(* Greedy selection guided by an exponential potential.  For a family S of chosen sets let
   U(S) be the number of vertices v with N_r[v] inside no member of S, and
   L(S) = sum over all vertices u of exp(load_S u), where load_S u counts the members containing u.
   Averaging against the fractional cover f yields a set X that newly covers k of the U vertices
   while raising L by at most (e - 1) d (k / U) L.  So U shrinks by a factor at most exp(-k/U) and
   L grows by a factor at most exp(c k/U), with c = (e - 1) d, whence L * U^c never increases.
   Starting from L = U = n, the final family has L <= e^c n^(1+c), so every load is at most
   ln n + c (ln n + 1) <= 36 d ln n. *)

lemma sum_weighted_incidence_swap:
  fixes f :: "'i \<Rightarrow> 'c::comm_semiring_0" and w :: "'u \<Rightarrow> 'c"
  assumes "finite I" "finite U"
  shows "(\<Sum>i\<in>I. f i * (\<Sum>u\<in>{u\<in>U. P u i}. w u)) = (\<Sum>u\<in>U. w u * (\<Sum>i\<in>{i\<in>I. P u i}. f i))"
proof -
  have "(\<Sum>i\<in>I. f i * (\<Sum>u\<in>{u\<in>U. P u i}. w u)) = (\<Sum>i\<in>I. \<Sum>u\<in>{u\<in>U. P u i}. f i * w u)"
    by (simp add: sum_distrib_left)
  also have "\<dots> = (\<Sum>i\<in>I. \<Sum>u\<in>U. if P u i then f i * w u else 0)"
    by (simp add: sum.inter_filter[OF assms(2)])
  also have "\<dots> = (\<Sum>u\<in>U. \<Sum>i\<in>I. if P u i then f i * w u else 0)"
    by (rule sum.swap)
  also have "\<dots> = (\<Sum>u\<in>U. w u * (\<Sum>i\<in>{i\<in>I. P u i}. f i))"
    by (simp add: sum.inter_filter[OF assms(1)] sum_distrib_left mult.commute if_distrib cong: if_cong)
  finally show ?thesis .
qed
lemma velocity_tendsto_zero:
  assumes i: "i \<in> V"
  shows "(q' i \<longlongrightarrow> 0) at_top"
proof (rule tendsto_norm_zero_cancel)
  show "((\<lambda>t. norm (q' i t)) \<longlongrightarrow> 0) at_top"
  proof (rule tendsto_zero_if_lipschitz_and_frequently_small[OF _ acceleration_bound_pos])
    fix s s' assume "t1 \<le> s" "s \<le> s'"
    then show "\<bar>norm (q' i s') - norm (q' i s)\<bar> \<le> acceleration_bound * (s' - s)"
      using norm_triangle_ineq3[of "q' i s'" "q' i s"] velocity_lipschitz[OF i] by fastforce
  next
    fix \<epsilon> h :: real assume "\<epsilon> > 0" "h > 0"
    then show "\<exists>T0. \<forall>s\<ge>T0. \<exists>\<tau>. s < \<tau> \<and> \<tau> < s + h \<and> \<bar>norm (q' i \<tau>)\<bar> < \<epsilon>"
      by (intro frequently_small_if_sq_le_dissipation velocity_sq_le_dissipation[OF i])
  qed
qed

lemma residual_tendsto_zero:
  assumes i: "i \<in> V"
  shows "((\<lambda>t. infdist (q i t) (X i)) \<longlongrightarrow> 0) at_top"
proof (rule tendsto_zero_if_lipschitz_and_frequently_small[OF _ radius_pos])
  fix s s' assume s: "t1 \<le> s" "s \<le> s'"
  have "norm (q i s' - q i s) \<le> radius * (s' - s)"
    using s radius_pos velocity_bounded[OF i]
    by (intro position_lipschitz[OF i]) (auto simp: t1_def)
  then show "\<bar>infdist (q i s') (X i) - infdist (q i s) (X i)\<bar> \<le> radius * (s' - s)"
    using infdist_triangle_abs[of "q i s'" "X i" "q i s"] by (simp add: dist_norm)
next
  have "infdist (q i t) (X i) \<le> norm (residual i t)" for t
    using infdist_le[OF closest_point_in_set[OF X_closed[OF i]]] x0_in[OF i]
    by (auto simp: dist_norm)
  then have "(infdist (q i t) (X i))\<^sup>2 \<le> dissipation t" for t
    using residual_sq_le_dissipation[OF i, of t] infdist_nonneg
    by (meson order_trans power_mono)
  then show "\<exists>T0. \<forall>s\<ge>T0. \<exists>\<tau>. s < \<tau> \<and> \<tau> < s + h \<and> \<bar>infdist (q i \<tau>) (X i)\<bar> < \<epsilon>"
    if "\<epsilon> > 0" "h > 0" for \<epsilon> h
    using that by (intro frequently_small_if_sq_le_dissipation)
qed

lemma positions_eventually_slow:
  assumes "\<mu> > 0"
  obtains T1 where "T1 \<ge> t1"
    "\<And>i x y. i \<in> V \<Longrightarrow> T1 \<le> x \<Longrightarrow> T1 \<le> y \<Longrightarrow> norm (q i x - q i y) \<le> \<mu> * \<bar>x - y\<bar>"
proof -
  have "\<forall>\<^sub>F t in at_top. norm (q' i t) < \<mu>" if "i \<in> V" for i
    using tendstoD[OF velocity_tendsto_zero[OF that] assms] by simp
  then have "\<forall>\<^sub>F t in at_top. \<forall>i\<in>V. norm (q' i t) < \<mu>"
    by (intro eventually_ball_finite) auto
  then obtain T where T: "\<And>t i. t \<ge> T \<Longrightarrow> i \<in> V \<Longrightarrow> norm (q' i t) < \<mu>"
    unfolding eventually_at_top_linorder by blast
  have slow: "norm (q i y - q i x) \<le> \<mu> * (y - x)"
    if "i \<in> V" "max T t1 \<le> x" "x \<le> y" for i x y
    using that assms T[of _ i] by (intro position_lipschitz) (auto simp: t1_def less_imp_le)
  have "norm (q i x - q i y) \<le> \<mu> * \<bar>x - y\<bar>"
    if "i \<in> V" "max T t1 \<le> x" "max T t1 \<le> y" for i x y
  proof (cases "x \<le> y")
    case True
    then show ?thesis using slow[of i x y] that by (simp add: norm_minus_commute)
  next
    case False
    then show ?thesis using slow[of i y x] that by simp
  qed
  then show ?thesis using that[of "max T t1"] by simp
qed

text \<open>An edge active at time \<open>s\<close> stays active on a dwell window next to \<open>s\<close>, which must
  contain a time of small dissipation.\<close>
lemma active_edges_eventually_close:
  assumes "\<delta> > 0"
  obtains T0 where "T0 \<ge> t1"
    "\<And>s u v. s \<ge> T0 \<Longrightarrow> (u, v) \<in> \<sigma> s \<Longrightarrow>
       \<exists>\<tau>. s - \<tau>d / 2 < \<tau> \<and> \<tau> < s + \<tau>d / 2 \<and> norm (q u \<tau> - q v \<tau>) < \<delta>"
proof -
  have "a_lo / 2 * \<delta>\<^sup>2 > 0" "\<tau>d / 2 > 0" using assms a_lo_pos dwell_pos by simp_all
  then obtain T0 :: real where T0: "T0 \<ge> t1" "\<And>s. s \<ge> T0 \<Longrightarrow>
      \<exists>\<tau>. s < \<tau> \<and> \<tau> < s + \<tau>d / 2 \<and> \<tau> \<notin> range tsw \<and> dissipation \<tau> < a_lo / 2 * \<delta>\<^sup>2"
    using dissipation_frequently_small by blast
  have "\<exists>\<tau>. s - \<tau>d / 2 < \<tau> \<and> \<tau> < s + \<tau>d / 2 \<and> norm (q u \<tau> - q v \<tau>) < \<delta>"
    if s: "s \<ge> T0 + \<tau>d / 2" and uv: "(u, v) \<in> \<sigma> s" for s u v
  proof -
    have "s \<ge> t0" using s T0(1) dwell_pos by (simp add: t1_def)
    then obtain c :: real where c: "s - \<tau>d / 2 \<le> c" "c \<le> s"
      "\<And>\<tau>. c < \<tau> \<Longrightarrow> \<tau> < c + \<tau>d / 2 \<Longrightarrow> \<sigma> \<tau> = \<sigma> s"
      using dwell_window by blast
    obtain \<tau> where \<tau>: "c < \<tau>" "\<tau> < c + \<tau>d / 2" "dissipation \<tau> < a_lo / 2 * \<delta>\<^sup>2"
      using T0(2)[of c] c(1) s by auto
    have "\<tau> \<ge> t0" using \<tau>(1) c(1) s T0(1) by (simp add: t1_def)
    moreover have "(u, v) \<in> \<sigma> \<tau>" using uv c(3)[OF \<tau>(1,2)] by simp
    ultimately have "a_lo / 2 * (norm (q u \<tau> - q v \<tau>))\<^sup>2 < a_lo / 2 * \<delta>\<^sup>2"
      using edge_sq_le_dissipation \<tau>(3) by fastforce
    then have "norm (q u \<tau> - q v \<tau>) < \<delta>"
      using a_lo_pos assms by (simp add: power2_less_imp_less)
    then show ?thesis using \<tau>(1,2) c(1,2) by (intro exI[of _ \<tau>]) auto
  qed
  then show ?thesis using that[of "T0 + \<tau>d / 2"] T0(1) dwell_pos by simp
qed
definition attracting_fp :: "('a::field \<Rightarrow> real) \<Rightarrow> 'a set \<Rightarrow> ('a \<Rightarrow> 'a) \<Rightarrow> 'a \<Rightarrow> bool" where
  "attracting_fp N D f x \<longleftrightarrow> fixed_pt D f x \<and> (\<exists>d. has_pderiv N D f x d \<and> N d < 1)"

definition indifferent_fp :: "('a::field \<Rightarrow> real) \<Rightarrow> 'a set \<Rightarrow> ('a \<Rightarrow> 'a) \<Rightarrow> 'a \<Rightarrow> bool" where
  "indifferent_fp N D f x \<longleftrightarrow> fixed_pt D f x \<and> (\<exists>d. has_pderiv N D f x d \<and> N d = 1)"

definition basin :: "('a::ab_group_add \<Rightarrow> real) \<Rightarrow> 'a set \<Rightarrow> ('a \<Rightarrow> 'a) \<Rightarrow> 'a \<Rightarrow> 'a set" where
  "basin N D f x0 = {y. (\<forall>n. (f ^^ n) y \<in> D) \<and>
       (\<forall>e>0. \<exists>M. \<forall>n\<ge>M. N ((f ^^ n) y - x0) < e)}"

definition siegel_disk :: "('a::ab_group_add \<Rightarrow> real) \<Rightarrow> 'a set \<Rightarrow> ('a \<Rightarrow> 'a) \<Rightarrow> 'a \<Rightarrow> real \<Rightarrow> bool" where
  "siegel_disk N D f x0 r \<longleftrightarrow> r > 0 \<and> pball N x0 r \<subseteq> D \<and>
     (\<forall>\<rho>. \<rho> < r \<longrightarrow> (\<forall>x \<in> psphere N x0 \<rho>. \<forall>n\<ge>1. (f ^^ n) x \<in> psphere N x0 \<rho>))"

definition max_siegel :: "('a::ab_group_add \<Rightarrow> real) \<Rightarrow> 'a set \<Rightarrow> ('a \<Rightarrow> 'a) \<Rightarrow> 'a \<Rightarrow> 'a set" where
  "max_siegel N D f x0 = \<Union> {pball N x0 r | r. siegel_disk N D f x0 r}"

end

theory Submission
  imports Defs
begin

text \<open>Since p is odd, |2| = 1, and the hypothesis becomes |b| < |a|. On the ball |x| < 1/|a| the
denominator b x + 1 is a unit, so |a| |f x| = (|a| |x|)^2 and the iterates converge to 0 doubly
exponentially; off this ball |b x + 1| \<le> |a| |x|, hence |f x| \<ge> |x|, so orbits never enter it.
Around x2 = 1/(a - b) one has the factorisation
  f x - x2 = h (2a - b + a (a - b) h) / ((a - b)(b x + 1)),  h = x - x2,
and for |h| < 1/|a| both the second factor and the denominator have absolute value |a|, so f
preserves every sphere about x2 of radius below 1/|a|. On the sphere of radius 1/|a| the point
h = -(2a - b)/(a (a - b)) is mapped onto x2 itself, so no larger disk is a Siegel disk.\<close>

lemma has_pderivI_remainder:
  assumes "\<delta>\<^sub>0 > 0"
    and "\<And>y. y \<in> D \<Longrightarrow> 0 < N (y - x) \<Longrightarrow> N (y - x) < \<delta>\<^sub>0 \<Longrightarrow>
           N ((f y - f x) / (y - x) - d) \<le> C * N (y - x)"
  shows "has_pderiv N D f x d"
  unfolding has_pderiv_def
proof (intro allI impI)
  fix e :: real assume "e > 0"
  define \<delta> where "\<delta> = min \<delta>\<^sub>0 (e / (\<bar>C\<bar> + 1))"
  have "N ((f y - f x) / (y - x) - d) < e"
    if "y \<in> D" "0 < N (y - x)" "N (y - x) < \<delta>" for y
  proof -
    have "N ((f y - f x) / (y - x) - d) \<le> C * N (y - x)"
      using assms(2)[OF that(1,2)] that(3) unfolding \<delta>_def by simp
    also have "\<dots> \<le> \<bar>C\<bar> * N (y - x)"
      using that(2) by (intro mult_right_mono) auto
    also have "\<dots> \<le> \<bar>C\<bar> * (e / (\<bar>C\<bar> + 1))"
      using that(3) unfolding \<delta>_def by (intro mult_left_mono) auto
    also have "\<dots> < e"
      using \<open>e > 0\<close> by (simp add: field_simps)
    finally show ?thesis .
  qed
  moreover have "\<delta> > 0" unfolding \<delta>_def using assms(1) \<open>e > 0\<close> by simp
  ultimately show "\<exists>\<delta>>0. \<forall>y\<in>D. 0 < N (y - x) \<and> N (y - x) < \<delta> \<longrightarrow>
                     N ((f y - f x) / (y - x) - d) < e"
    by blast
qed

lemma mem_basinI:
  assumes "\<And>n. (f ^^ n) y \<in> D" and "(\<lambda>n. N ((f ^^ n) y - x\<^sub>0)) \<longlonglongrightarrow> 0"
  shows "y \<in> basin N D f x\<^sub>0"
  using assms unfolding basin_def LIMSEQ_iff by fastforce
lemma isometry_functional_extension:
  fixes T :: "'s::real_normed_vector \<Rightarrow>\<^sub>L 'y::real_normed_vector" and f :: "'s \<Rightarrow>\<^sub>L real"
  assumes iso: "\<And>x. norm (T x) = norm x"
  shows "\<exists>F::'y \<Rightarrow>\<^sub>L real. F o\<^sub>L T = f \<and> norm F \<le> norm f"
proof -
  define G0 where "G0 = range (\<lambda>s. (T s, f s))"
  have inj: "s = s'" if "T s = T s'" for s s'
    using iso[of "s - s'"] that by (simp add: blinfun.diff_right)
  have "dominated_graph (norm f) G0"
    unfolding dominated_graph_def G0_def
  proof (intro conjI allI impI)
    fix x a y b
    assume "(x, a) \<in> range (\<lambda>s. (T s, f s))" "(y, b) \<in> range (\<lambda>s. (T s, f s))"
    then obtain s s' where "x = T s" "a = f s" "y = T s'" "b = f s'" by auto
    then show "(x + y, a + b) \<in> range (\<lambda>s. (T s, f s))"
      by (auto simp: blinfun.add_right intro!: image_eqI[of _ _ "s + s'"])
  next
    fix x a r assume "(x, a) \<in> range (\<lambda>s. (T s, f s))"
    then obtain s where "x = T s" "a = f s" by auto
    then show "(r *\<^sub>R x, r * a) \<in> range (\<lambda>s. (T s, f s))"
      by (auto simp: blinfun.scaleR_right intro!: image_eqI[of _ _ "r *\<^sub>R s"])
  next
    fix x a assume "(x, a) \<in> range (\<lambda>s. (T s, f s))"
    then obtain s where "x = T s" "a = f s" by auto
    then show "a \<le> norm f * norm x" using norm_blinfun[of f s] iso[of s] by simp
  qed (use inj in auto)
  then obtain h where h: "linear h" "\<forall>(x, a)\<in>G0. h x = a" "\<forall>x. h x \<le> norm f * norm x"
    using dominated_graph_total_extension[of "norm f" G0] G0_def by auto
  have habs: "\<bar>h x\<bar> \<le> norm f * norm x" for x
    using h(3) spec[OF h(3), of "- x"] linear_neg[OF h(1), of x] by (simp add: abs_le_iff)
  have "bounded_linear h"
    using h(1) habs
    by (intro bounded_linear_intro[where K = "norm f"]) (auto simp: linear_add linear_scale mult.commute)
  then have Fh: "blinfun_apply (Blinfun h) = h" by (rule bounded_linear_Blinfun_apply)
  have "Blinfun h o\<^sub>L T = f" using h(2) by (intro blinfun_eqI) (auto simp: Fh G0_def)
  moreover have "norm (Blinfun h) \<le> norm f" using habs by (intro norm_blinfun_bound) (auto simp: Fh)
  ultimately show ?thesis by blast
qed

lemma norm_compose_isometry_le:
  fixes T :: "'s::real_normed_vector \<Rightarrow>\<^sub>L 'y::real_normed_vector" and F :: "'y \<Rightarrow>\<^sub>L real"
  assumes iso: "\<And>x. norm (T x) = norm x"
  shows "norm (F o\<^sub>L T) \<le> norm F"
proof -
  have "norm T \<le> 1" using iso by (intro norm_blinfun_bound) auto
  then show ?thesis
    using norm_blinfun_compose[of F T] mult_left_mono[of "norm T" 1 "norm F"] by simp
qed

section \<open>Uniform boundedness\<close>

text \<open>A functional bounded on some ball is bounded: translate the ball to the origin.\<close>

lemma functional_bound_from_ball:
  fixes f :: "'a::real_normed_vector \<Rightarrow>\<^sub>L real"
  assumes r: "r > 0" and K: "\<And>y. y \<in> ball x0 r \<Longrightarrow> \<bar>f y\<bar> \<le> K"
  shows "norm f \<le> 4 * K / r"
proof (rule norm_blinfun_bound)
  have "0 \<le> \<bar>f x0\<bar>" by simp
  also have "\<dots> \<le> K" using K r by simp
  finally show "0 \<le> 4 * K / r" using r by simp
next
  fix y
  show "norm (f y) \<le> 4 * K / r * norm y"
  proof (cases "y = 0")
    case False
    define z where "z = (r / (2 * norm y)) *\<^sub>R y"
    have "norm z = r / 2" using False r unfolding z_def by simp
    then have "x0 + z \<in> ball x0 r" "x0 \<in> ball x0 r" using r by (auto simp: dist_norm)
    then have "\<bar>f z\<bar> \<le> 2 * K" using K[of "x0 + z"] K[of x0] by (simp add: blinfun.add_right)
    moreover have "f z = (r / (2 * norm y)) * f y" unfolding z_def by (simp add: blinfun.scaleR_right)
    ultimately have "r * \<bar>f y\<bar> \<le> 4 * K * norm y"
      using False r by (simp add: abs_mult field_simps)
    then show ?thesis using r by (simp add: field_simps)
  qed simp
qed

• **Assignment**
Copy out the range of lines above starting at the line with "0\<close> by simp" and ending at the line with "unfolding dominated_graph_def G0_def", exactly and including both.

• **Solution to the problem**
  moreover have "\<delta> > 0" unfolding \<delta>_def using assms(1) \<open>e > 0\<close> by simp
  ultimately show "\<exists>\<delta>>0. \<forall>y\<in>D. 0 < N (y - x) \<and> N (y - x) < \<delta> \<longrightarrow>
                     N ((f y - f x) / (y - x) - d) < e"
    by blast
qed

lemma mem_basinI:
  assumes "\<And>n. (f ^^ n) y \<in> D" and "(\<lambda>n. N ((f ^^ n) y - x\<^sub>0)) \<longlonglongrightarrow> 0"
  shows "y \<in> basin N D f x\<^sub>0"
  using assms unfolding basin_def LIMSEQ_iff by fastforce
lemma isometry_functional_extension:
  fixes T :: "'s::real_normed_vector \<Rightarrow>\<^sub>L 'y::real_normed_vector" and f :: "'s \<Rightarrow>\<^sub>L real"
  assumes iso: "\<And>x. norm (T x) = norm x"
  shows "\<exists>F::'y \<Rightarrow>\<^sub>L real. F o\<^sub>L T = f \<and> norm F \<le> norm f"
proof -
  define G0 where "G0 = range (\<lambda>s. (T s, f s))"
  have inj: "s = s'" if "T s = T s'" for s s'
    using iso[of "s - s'"] that by (simp add: blinfun.diff_right)
  have "dominated_graph (norm f) G0"
    unfolding dominated_graph_def G0_def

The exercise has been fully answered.